## Task brief
Each line below must be transcribed with no word changed.

(Stored data)

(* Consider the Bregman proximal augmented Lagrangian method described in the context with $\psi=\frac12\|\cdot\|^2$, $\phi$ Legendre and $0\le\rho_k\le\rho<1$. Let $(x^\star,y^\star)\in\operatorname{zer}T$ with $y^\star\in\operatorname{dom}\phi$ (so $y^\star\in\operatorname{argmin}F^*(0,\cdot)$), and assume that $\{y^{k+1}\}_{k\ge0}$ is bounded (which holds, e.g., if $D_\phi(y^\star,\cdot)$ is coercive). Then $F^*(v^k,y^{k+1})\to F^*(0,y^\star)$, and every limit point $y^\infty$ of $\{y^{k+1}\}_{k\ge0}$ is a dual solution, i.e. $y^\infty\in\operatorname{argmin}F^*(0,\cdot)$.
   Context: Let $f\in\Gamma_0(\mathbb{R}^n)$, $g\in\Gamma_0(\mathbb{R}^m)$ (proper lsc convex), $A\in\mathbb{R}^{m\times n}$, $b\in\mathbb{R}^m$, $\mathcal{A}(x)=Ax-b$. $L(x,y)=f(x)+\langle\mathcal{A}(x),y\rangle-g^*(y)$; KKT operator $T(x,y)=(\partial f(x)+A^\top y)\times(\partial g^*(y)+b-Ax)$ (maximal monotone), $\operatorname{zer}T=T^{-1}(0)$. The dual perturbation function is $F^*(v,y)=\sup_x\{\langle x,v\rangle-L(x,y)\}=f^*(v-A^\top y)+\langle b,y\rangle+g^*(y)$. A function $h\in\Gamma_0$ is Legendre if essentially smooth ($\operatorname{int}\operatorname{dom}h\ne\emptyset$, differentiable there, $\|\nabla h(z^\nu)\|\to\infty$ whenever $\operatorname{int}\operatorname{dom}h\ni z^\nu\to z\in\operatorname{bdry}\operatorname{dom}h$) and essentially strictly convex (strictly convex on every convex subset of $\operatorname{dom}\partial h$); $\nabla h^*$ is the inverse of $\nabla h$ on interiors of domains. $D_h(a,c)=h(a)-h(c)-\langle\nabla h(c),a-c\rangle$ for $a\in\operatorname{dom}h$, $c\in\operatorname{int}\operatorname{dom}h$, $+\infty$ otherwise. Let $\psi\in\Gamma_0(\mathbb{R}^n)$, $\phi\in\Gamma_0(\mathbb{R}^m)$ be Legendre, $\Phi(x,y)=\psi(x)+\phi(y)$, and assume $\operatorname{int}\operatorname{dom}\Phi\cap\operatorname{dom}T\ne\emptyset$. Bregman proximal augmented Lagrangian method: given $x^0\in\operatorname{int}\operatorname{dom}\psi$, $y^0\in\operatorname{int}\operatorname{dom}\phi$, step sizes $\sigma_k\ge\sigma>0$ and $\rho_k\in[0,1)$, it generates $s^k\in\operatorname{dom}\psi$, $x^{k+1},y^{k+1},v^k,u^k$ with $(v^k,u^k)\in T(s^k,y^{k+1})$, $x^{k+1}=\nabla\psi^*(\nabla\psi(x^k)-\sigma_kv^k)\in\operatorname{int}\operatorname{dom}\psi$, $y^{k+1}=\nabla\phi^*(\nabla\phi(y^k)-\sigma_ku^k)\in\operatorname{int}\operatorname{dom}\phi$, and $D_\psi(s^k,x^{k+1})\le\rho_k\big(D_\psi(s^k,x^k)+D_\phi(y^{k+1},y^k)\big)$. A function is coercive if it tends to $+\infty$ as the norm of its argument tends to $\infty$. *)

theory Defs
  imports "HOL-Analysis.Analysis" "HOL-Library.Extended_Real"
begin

## Answer
(* Consider the Bregman proximal augmented Lagrangian method described in the context with $\psi=\frac12\|\cdot\|^2$, $\phi$ Legendre and $0\le\rho_k\le\rho<1$. Let $(x^\star,y^\star)\in\operatorname{zer}T$ with $y^\star\in\operatorname{dom}\phi$ (so $y^\star\in\operatorname{argmin}F^*(0,\cdot)$), and assume that $\{y^{k+1}\}_{k\ge0}$ is bounded (which holds, e.g., if $D_\phi(y^\star,\cdot)$ is coercive). Then $F^*(v^k,y^{k+1})\to F^*(0,y^\star)$, and every limit point $y^\infty$ of $\{y^{k+1}\}_{k\ge0}$ is a dual solution, i.e. $y^\infty\in\operatorname{argmin}F^*(0,\cdot)$.
   Context: Let $f\in\Gamma_0(\mathbb{R}^n)$, $g\in\Gamma_0(\mathbb{R}^m)$ (proper lsc convex), $A\in\mathbb{R}^{m\times n}$, $b\in\mathbb{R}^m$, $\mathcal{A}(x)=Ax-b$. $L(x,y)=f(x)+\langle\mathcal{A}(x),y\rangle-g^*(y)$; KKT operator $T(x,y)=(\partial f(x)+A^\top y)\times(\partial g^*(y)+b-Ax)$ (maximal monotone), $\operatorname{zer}T=T^{-1}(0)$. The dual perturbation function is $F^*(v,y)=\sup_x\{\langle x,v\rangle-L(x,y)\}=f^*(v-A^\top y)+\langle b,y\rangle+g^*(y)$. A function $h\in\Gamma_0$ is Legendre if essentially smooth ($\operatorname{int}\operatorname{dom}h\ne\emptyset$, differentiable there, $\|\nabla h(z^\nu)\|\to\infty$ whenever $\operatorname{int}\operatorname{dom}h\ni z^\nu\to z\in\operatorname{bdry}\operatorname{dom}h$) and essentially strictly convex (strictly convex on every convex subset of $\operatorname{dom}\partial h$); $\nabla h^*$ is the inverse of $\nabla h$ on interiors of domains. $D_h(a,c)=h(a)-h(c)-\langle\nabla h(c),a-c\rangle$ for $a\in\operatorname{dom}h$, $c\in\operatorname{int}\operatorname{dom}h$, $+\infty$ otherwise. Let $\psi\in\Gamma_0(\mathbb{R}^n)$, $\phi\in\Gamma_0(\mathbb{R}^m)$ be Legendre, $\Phi(x,y)=\psi(x)+\phi(y)$, and assume $\operatorname{int}\operatorname{dom}\Phi\cap\operatorname{dom}T\ne\emptyset$. Bregman proximal augmented Lagrangian method: given $x^0\in\operatorname{int}\operatorname{dom}\psi$, $y^0\in\operatorname{int}\operatorname{dom}\phi$, step sizes $\sigma_k\ge\sigma>0$ and $\rho_k\in[0,1)$, it generates $s^k\in\operatorname{dom}\psi$, $x^{k+1},y^{k+1},v^k,u^k$ with $(v^k,u^k)\in T(s^k,y^{k+1})$, $x^{k+1}=\nabla\psi^*(\nabla\psi(x^k)-\sigma_kv^k)\in\operatorname{int}\operatorname{dom}\psi$, $y^{k+1}=\nabla\phi^*(\nabla\phi(y^k)-\sigma_ku^k)\in\operatorname{int}\operatorname{dom}\phi$, and $D_\psi(s^k,x^{k+1})\le\rho_k\big(D_\psi(s^k,x^k)+D_\phi(y^{k+1},y^k)\big)$. A function is coercive if it tends to $+\infty$ as the norm of its argument tends to $\infty$. *)

theory Defs
  imports "HOL-Analysis.Analysis" "HOL-Library.Extended_Real"
begin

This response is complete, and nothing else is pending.